SUPPLIED DATA:
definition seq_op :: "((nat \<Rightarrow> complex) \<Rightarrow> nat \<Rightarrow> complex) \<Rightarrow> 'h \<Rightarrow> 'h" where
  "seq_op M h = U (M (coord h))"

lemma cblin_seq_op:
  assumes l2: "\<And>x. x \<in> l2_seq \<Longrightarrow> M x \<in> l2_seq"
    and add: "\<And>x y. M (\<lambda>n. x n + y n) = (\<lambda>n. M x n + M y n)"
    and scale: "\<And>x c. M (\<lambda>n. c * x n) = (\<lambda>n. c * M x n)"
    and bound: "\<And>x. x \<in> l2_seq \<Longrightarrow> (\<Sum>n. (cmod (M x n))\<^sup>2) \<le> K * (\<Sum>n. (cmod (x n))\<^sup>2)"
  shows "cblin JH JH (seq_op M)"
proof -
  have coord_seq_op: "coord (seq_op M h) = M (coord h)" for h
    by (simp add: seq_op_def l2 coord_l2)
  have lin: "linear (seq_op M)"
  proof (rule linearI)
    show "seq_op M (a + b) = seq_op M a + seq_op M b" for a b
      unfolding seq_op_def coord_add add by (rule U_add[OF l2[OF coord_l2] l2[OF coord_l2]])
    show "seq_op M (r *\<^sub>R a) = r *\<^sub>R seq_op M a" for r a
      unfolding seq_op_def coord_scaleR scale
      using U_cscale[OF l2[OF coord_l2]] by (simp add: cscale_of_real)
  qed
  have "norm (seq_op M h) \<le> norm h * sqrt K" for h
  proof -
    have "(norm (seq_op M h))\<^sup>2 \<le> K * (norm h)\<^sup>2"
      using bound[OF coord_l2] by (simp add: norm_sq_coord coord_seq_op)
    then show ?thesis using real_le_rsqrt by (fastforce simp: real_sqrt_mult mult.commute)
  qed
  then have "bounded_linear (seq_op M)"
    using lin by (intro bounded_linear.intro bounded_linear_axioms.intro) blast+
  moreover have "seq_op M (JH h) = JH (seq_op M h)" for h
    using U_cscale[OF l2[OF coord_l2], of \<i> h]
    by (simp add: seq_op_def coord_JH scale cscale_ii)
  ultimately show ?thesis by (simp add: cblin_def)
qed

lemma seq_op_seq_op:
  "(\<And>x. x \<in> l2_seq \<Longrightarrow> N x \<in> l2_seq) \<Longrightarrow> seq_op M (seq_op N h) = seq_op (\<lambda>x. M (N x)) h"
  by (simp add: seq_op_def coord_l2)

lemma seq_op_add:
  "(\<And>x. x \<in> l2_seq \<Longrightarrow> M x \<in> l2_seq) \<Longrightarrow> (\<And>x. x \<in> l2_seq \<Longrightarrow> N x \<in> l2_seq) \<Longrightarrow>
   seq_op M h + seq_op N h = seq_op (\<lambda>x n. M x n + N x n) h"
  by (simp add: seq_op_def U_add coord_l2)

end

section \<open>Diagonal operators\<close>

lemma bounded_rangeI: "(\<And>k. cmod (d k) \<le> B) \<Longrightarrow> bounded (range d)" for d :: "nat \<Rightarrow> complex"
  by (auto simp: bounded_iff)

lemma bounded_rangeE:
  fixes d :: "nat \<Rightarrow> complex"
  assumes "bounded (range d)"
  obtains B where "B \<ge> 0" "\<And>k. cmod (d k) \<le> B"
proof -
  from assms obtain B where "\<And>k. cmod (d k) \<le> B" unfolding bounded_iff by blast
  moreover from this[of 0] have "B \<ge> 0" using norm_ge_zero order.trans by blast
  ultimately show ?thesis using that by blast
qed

...

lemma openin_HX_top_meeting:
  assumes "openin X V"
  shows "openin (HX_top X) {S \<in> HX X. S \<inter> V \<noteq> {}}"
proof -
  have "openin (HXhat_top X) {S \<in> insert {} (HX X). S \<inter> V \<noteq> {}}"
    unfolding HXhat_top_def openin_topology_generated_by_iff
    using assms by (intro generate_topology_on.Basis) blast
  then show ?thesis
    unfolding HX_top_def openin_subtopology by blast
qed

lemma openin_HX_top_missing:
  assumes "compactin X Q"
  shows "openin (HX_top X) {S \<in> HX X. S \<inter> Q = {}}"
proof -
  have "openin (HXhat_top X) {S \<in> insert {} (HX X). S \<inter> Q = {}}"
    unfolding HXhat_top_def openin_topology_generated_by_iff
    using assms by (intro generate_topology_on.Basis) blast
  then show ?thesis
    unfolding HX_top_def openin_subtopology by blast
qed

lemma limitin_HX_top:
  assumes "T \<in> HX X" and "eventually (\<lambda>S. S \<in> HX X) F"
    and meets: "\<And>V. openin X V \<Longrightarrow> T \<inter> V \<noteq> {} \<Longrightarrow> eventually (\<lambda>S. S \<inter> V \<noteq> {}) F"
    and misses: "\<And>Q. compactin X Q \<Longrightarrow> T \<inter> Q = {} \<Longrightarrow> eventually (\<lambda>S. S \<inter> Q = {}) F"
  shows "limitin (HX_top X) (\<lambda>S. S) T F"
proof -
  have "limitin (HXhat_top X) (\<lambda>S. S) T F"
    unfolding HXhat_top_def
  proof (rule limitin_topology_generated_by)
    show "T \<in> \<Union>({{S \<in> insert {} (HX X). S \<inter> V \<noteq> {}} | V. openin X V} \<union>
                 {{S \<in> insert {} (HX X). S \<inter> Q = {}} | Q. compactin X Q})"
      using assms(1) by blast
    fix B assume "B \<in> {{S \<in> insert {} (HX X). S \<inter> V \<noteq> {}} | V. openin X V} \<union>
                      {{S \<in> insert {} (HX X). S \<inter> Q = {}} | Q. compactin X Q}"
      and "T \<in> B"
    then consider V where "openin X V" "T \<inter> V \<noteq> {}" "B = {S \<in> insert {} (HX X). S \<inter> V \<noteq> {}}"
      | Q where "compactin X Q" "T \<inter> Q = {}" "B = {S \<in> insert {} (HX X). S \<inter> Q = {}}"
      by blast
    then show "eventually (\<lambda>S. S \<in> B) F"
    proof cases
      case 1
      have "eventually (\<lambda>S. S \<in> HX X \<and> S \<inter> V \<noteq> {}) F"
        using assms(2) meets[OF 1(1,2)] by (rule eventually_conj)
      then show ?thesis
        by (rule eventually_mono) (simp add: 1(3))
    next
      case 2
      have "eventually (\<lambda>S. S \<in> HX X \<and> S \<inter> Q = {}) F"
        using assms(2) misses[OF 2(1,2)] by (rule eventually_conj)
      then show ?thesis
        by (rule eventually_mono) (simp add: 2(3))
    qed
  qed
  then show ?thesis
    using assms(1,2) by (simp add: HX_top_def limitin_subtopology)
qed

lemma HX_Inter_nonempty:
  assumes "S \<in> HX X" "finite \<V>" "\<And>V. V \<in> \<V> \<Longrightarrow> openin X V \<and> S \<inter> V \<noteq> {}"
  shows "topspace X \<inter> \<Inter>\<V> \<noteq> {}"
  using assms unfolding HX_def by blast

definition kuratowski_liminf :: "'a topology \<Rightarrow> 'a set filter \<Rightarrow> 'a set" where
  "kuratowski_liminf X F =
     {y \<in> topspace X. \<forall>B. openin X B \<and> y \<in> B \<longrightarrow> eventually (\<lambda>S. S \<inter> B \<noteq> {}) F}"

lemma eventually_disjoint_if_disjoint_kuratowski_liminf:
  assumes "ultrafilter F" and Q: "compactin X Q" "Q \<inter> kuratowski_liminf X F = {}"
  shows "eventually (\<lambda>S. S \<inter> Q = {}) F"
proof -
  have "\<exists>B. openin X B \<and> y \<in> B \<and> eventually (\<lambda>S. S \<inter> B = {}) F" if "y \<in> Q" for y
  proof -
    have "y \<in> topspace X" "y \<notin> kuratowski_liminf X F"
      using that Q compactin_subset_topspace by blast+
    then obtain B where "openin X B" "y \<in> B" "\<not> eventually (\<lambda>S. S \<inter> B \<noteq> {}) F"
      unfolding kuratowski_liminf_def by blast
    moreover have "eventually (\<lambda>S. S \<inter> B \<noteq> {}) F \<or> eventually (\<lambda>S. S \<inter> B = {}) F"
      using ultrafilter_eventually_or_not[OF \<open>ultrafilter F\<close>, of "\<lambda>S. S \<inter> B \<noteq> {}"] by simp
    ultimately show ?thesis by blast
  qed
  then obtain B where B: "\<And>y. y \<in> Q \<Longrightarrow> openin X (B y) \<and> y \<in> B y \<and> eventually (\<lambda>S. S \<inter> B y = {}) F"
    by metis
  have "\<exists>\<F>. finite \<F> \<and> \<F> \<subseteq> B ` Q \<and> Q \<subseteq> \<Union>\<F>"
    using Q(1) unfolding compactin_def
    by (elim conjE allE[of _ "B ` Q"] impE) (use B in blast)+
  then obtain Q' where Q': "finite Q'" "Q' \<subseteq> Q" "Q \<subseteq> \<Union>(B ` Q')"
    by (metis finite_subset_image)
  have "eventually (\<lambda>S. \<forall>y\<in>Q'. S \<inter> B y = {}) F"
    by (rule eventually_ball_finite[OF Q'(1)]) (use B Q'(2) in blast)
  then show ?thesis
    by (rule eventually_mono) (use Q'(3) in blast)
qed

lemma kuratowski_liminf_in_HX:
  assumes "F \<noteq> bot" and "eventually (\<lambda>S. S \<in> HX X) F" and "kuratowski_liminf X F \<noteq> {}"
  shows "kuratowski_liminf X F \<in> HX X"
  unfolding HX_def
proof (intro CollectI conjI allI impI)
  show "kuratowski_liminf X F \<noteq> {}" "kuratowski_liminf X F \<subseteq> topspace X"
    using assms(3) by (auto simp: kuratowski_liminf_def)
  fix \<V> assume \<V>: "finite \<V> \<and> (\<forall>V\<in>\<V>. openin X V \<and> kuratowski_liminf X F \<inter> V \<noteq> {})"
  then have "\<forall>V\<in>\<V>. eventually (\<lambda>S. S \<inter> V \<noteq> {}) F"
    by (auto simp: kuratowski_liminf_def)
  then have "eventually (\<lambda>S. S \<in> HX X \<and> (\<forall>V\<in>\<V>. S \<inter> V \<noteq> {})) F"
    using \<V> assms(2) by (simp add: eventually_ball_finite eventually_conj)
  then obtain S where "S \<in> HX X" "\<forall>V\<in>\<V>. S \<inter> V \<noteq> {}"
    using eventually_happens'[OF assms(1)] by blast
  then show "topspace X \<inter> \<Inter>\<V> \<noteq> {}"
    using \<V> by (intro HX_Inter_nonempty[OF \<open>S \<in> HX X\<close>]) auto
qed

==

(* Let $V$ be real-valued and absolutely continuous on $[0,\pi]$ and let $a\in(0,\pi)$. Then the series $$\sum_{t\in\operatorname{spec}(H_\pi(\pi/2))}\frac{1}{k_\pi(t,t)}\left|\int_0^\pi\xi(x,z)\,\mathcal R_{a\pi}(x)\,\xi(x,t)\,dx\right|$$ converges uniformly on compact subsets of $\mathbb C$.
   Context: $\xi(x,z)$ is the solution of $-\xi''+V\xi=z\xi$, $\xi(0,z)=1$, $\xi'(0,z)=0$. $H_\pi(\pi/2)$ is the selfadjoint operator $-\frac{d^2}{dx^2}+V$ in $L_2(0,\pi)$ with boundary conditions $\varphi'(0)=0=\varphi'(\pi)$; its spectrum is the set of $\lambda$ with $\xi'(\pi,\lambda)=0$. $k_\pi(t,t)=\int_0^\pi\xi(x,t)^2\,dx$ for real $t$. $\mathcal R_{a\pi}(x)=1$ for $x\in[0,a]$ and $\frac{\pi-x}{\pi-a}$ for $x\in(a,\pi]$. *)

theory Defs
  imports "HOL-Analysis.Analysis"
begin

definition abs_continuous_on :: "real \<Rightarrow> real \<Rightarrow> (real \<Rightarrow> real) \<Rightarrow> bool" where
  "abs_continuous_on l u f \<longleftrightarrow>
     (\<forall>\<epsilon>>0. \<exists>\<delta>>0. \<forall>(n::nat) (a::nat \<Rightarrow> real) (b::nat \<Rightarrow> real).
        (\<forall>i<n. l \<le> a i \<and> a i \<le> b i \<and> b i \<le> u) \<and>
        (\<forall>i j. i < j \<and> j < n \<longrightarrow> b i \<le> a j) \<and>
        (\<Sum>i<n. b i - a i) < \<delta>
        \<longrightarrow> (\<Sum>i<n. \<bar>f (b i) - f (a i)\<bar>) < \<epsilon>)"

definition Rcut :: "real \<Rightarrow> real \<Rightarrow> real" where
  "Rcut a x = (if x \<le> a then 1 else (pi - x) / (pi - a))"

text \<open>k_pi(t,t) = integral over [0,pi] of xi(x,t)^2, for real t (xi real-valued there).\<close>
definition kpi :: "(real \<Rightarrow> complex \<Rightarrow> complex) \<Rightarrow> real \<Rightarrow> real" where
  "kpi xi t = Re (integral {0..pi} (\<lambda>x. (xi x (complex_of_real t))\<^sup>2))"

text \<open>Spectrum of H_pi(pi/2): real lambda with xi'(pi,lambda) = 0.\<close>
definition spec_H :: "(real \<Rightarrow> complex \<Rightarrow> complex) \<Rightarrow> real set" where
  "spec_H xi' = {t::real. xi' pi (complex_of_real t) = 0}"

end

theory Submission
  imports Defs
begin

HOW TO COMPLETE THIS TASK:
Count how many lines of the listing include "subseteq". Nothing but the number is wanted.

WRITTEN RESPONSE:
3